Fri 2022-Jan-28

The Ten Billionth Dose

Tagged: COVID / MathInTheNews / PharmaAndBiotech / Politics / Statistics

There have now been around 10 billion COVID-19 vaccine doses given. What should we make of that?

How many doses, now?

Carl Sagan, Cosmos Carl Sagan, astrophysicist and host of popular science American book and TV show Cosmos [1], used to describe astronomically large numbers with the endlessly repeated phrase “billions and billions”. In grad school, we used to joke that there needed to be a new unit in the metric system, the Sagan, with a value of some multiple of $10^{9}$, for multi-billion quantities somewhere north of a billion but south of a trillion.

In April of 2021, we noted that the COVID-19 vaccination campaign had given out its billionth dose.

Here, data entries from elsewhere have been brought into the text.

fun boost_loop ::
  "('a::real_inner \<Rightarrow> 'a) \<Rightarrow> real \<Rightarrow> 'a \<Rightarrow> 'a \<Rightarrow> nat \<Rightarrow> 'a \<times> real \<Rightarrow> 'a \<times> real" where
  "boost_loop lmo delta xt mt 0 st = st"
| "boost_loop lmo delta xt mt (Suc n) st =
     (case boost_iter lmo delta xt mt st of
        None \<Rightarrow> st
      | Some st' \<Rightarrow> boost_loop lmo delta xt mt n st')"

text \<open>One outer step of Boosted Stochastic Frank--Wolfe: from x^t, estimator m^t and
  step decay eta_t, compute x^{t+1}.  s^t = v^0 = lmo(m^t) (since psi^0 = 0).\<close>
definition bsfw_step ::
  "('a::real_inner \<Rightarrow> 'a) \<Rightarrow> nat \<Rightarrow> real \<Rightarrow> real \<Rightarrow> 'a \<Rightarrow> 'a \<Rightarrow> 'a" where
  "bsfw_step lmo K delta eta xt mt =
    (let s = lmo mt;
         st = boost_loop lmo delta xt mt K (0, 0);
         psi = fst st; Lam = snd st;
         dt = (if Lam \<noteq> 0 then (inverse Lam) *\<^sub>R psi else 0);
         gam = (if dt \<noteq> 0 then min (eta * norm (s - xt) / norm dt) 1 else 1)
     in if gam < 1 then xt + gam *\<^sub>R dt else xt + eta *\<^sub>R (s - xt))"

end

(*
  Boosting only replaces the Frank-Wolfe direction s - x (s = lmo m) by a direction d such
  that x + d is still a point of C and d is at least as well aligned with -m as s - x; the
  step length is then capped at that of the Frank-Wolfe step eta (s - x). So the new iterate
  is feasible, no farther from x than the Frank-Wolfe step, and decreases the linear model
  m at least as much. The usual one-step analysis then applies verbatim: the quadratic upper
  bound for an L-smooth f, optimality of s against the minimiser, quasar-convexity at x, and
  two Cauchy-Schwarz estimates for the gradient error m - grad x, each costing
  eta * norm (m - grad x) * diameter C.
*)
theory Submission
  imports Defs
begin

lemma align_zero [simp]: "align d 0 = -1"
  by (simp add: align_def)

lemma align_scaleR_pos:
  fixes d v :: "'a::real_inner"
  assumes "0 < c"
  shows "align d (c *\<^sub>R v) = align d v"
  using assms by (auto simp: align_def)

lemma align_scaleR_neg:
  fixes d v :: "'a::real_inner"
  assumes "c < 0" "v \<noteq> 0"
  shows "align d (c *\<^sub>R v) = - align d v"
  using assms by (auto simp: align_def abs_of_neg)

lemma align_le_iff:
  fixes d u v :: "'a::real_inner"
  assumes "d \<noteq> 0" "u \<noteq> 0" "v \<noteq> 0"
  shows "align d u \<le> align d v \<longleftrightarrow> (d \<bullet> u) / norm u \<le> (d \<bullet> v) / norm v"
proof -
  have "align d w = (d \<bullet> w) / norm w / norm d" if "w \<noteq> 0" for w
    using that by (simp add: align_def mult.commute)
  with assms show ?thesis
    by (simp del: divide_divide_eq_left add: divide_le_cancel)
qed

lemma align_ge_neg_one: "-1 \<le> align d (v::'a::real_inner)"
proof (cases "d = 0 \<or> v = 0")
  case False
  then have "- (norm d * norm v) \<le> d \<bullet> v"
    using Cauchy_Schwarz_ineq2[of d v] by linarith
  with False show ?thesis
    by (simp add: align_def le_divide_eq)
qed (auto simp: align_def)

lemma align_increase_imp_scale_pos:
  fixes d v :: "'a::real_inner"
  assumes "align d v < align d (c *\<^sub>R v)" "0 \<le> align d v"
  shows "0 < c"
proof (rule ccontr)
  assume "\<not> 0 < c"
  then consider "c = 0" | "c < 0" "v \<noteq> 0"
    using assms(1) by fastforce
  then show False
    using assms align_scaleR_neg[of c v d] by cases auto
qed

lemma inner_le_inner_add_norm_mult:
  fixes a b w :: "'a::real_inner"
  shows "a \<bullet> w \<le> b \<bullet> w + norm (a - b) * norm w"
  using norm_cauchy_schwarz[of "a - b" w] by (simp add: inner_diff_left)

lemma convex_add_scaleR_diff_mem:
  assumes "convex C" "x \<in> C" "z \<in> C" "0 \<le> t" "t \<le> 1"
  shows "x + t *\<^sub>R (z - x) \<in> C"
proof -
  have "x + t *\<^sub>R (z - x) = (1 - t) *\<^sub>R x + t *\<^sub>R z"
    by (simp add: algebra_simps)
  then show ?thesis
    using convexD_alt[OF assms] by simp
qed

lemma add_scaleR_inverse_eq_convex_comb:
  fixes x psi v :: "'a::real_vector"
  assumes "0 < Lam" "0 \<le> lam"
  shows "x + inverse (Lam + lam) *\<^sub>R (psi + lam *\<^sub>R (v - x))
          = (Lam / (Lam + lam)) *\<^sub>R (x + inverse Lam *\<^sub>R psi) + (lam / (Lam + lam)) *\<^sub>R v"
proof -
  have "(Lam / (Lam + lam)) *\<^sub>R (x + inverse Lam *\<^sub>R psi) + (lam / (Lam + lam)) *\<^sub>R v
      = inverse (Lam + lam) *\<^sub>R (Lam *\<^sub>R x + psi + lam *\<^sub>R v)"
    using assms by (simp add: algebra_simps divide_inverse)
  also have "Lam *\<^sub>R x + psi + lam *\<^sub>R v = (Lam + lam) *\<^sub>R x + (psi + lam *\<^sub>R (v - x))"
    by (simp add: algebra_simps)
  also have "inverse (Lam + lam) *\<^sub>R \<dots> = x + inverse (Lam + lam) *\<^sub>R (psi + lam *\<^sub>R (v - x))"
    using assms by (simp only: scaleR_add_right scaleR_scaleR) simp
  finally show ?thesis ..
qed

definition is_lmo :: "'a::real_inner set \<Rightarrow> ('a \<Rightarrow> 'a) \<Rightarrow> bool" where
  "is_lmo C lmo \<longleftrightarrow> (\<forall>v. lmo v \<in> C \<and> (\<forall>s\<in>C. lmo v \<bullet> v \<le> s \<bullet> v))"

lemma is_lmo_mem: "is_lmo C lmo \<Longrightarrow> lmo v \<in> C"
  by (simp add: is_lmo_def)

lemma is_lmo_inner_le:
  "is_lmo C lmo \<Longrightarrow> s \<in> C \<Longrightarrow> v \<bullet> lmo v \<le> v \<bullet> s"
  unfolding is_lmo_def by (metis inner_commute)

lemma is_lmo_align_nonneg:
  assumes "is_lmo C lmo" "x \<in> C" "lmo m \<noteq> x"
  shows "0 \<le> align (- m) (lmo m - x)"
proof -
  have "m \<bullet> (lmo m - x) \<le> 0"
    using is_lmo_inner_le[OF assms(1,2), of m] by (simp add: inner_diff_right)
  with assms(3) show ?thesis
    by (auto simp: align_def intro: divide_nonpos_nonneg)
qed

(*
  x + psi / Lam stays in C because a vertex step mixes a new LMO output convexly into it and a
  shrink step rescales psi and Lam by the same factor, which acceptance forces to be positive.
*)
fun boost_invariant :: "'a::real_inner set \<Rightarrow> 'a \<Rightarrow> 'a \<Rightarrow> 'a \<Rightarrow> 'a \<times> real \<Rightarrow> bool" where
  "boost_invariant C x m s (psi, Lam) \<longleftrightarrow> (psi = 0 \<and> Lam = 0) \<or>
     (0 < Lam \<and> psi \<noteq> 0 \<and> s \<noteq> x \<and> x + inverse Lam *\<^sub>R psi \<in> C
      \<and> align (- m) (s - x) \<le> align (- m) psi)"
theorem mainTheorem9:
  fixes M :: "(nat \<times> nat) pmf" and q0 q1 q2 q12 :: real
  assumes wide: "wide_law M q0 q1 q2 q12"
    and pos1: "measure_pmf.prob M {(a, b). a > 1} > 0"
    and pos2: "measure_pmf.prob M {(a, b). b > 1} > 0"
  shows "(is_narrow M \<longleftrightarrow> corr M \<ge> 0) \<and>
         (corr M \<ge> 0 \<and> q0 > 0 \<longrightarrow>
            narrow_law M (q0 / (q0 + q1)) (q0 / (q0 + q2)) ((q0 + q1) * (q0 + q2) / q0))"
proof -
  have "{(a, b). a > 1} = {x :: nat \<times> nat. 1 < fst x}" "{(a, b). b > 1} = {x :: nat \<times> nat. 1 < snd x}"
    by auto
  then have "0 < q0 + q2" "0 < q0 + q1"
    using pos1 pos2 wide_law_marginal_tails(1)[OF wide, of 1] wide_law_marginal_tails(2)[OF wide, of 1] by simp_all
  then show ?thesis
    using wide_law_is_narrow_iff[OF wide] wide_law_corr_nonneg_iff[OF wide]
      wide_law_narrow_law[OF wide] by blast
qed

end
(* Let $G$ be a discrete group, $U=\{u_1,\dots,u_n\}\subseteq G$ a finite subset, $\mathbf k\subseteq{\rm Seq}(\mathbf C)$ a $\sigma$-subring with constants $\mathbf C$, $f:\mathbf k^n\to\mathbf k$ a polynomial map with $f(0,\dots,0)=0$, and $\varphi$ the associated non-autonomous generalized polynomial cellular automaton $\varphi(s)_g=f(s_{u_1^{-1}g},\dots,s_{u_n^{-1}g})$. Equip ${\rm Seq}(\mathbf C)$ with the topology of coincidence along finite subsets of $\mathbf Z_{\ge0}$. Then: (a) $L^c$ is dense in $L$; (b) $L^{\rm per}$ is dense in $L$ if and only if $G$ is residually finite.
   Context: ${\rm Seq}(\mathbf C)$ is the ring of complex sequences $x=(x^{(t)})_{t\in\mathbf Z_{\ge0}}$ with shift $\sigma(x)^{(t)}=x^{(t+1)}$. The topology of coincidence along finite subsets: a basic neighbourhood of $x$ consists of all sequences agreeing with $x$ on a given finite set of indices $t$. The map $f$ extends to ${\rm Seq}(\mathbf C)^n\to{\rm Seq}(\mathbf C)$ and $\varphi$ to $\mathcal C(G,{\rm Seq}(\mathbf C))$ (functions $G\to{\rm Seq}(\mathbf C)$). A solution is $s\in\mathcal C(G,{\rm Seq}(\mathbf C))$ with $\sigma(s)=\varphi(s)$, i.e. $s^{(t+1)}_g=f(s^{(t)}_{u_1^{-1}g},\dots,s^{(t)}_{u_n^{-1}g})$ (with $f$ evaluated with the coefficients at step $t$). $L$ is the smallest $\sigma$-subring of ${\rm Seq}(\mathbf C)$ containing $\mathbf k$ and all values $s_g$ of all solutions; $L^c$ the smallest one containing $\mathbf k$ and all values of solutions $s$ such that $s^{(t)}$ has finite support for every $t$. For a subgroup $H$, $s$ is $H$-periodic if $s_g=s_{gh}$ for all $g\in G,h\in H$; $L^{\rm per}$ is the smallest $\sigma$-subring containing $\mathbf k$ and all values of solutions that are $H$-periodic for some normal subgroup $H$ of finite index. *)

theory Defs
  imports Complex_Main "HOL-Algebra.Coset"
begin

text \<open>Seq(C) is modelled as the type nat => complex with pointwise ring operations.\<close>

definition sigma_subring :: "(nat \<Rightarrow> complex) set \<Rightarrow> bool" where
  "sigma_subring S \<longleftrightarrow>
     (\<lambda>t. 1) \<in> S \<and>
     (\<forall>x\<in>S. \<forall>y\<in>S. (\<lambda>t. x t + y t) \<in> S \<and> (\<lambda>t. x t * y t) \<in> S) \<and>
     (\<forall>x\<in>S. (\<lambda>t. - x t) \<in> S) \<and>
     (\<forall>x\<in>S. (\<lambda>t. x (Suc t)) \<in> S)"

definition sigma_hull :: "(nat \<Rightarrow> complex) set \<Rightarrow> (nat \<Rightarrow> complex) set" where
  "sigma_hull A = \<Inter> {S. sigma_subring S \<and> A \<subseteq> S}"

definition has_constants :: "(nat \<Rightarrow> complex) set \<Rightarrow> bool" where
  "has_constants k \<longleftrightarrow> (\<forall>c. (\<lambda>t. c) \<in> k)"

text \<open>Polynomial maps in the variables x 0, ..., x (n-1) with coefficients in k,
  extended to Seq(C)^n (operations pointwise).\<close>
inductive_set polymaps ::
  "(nat \<Rightarrow> complex) set \<Rightarrow> nat \<Rightarrow> ((nat \<Rightarrow> nat \<Rightarrow> complex) \<Rightarrow> nat \<Rightarrow> complex) set"
  for k :: "(nat \<Rightarrow> complex) set" and n :: nat where
  const: "c \<in> k \<Longrightarrow> (\<lambda>x. c) \<in> polymaps k n"
| var: "i < n \<Longrightarrow> (\<lambda>x. x i) \<in> polymaps k n"
| add: "p \<in> polymaps k n \<Longrightarrow> q \<in> polymaps k n \<Longrightarrow> (\<lambda>x t. p x t + q x t) \<in> polymaps k n"
| mult: "p \<in> polymaps k n \<Longrightarrow> q \<in> polymaps k n \<Longrightarrow> (\<lambda>x t. p x t * q x t) \<in> polymaps k n"

text \<open>Standing hypotheses: U = {u 0, ..., u (n-1)} a finite subset of G (listed without
  repetition), k a sigma-subring with constants C, f a polynomial map k^n -> k with f(0)=0.\<close>
definition ca_data :: "('g, 'b) monoid_scheme \<Rightarrow> nat \<Rightarrow> (nat \<Rightarrow> 'g) \<Rightarrow>
    (nat \<Rightarrow> complex) set \<Rightarrow> ((nat \<Rightarrow> nat \<Rightarrow> complex) \<Rightarrow> nat \<Rightarrow> complex) \<Rightarrow> bool" where
  "ca_data G n u k f \<longleftrightarrow>
     (\<forall>i<n. u i \<in> carrier G) \<and> inj_on u {..<n} \<and>
     sigma_subring k \<and> has_constants k \<and>
     f \<in> polymaps k n \<and> f (\<lambda>i t. 0) = (\<lambda>t. 0)"

text \<open>s is a solution: sigma(s) = phi(s), i.e.
  s_g^(t+1) = f(s_(u_1^-1 g), ..., s_(u_n^-1 g))^(t).\<close>
definition is_solution :: "('g, 'b) monoid_scheme \<Rightarrow> (nat \<Rightarrow> 'g) \<Rightarrow>
    ((nat \<Rightarrow> nat \<Rightarrow> complex) \<Rightarrow> nat \<Rightarrow> complex) \<Rightarrow> ('g \<Rightarrow> nat \<Rightarrow> complex) \<Rightarrow> bool" where
  "is_solution G u f s \<longleftrightarrow>
     (\<forall>g\<in>carrier G. \<forall>t. s g (Suc t) = f (\<lambda>i. s (inv\<^bsub>G\<^esub> (u i) \<otimes>\<^bsub>G\<^esub> g)) t)"

definition solution_values :: "('g, 'b) monoid_scheme \<Rightarrow> (nat \<Rightarrow> 'g) \<Rightarrow>
    ((nat \<Rightarrow> nat \<Rightarrow> complex) \<Rightarrow> nat \<Rightarrow> complex) \<Rightarrow> (('g \<Rightarrow> nat \<Rightarrow> complex) \<Rightarrow> bool)
    \<Rightarrow> (nat \<Rightarrow> complex) set" where
  "solution_values G u f P = {s g | s g. g \<in> carrier G \<and> is_solution G u f s \<and> P s}"

definition finite_index :: "('g, 'b) monoid_scheme \<Rightarrow> 'g set \<Rightarrow> bool" where
  "finite_index G H \<longleftrightarrow> finite (rcosets\<^bsub>G\<^esub> H)"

Today, Eric Topol of the Scripps Research Translational Institute, quoting the always-excellent Our World in Data, reminds us that we mark another order of magnitude progress in the almost exactly 8 months since then:

Topol @ Twitter: 10 bilion doses in 1 year!

(Free advice: don’t bother reading the Twitter replies.)

The Weekend Conclusion

Several thoughts come to my mind:

  • How often is it we get to do 10 billion of anything, at least above the atomic scale?!
  • Anybody who tells you the vaccines are “untested”… is a fool.
    • This is, operationally, the largest Phase IV trial of a drug, ever in humanity’s history.
    • If there had been severe side-effects, they would be seen now; despite the hysterics, hyperbole and outright lying on the right, no such effects are seen.
    • Step outside the Republican propaganda bubble, and at least try to be reality-based here. (Try the litany of Gendlin, or the litany of Tarski maybe?)
  • Alas, there are 8 billion people currently sharing the planet. (By the standard of “billions and billions”, we have approximately 1 Sagan of living humans.)
    • Each person needs 3 shots of mRNA with current technology, or about 24 billion doses.
    • So 10 billion doses means we’ve done only 10/24 = 42% of the job.
    • We definitely need to pick up the pace for the developing world, especially Africa.

We still have to save almost 60% of humanity. They should live and not die: it’s pikuach nefesh.


Notes & References

1: C Sagan, Cosmos, Random House, 1980.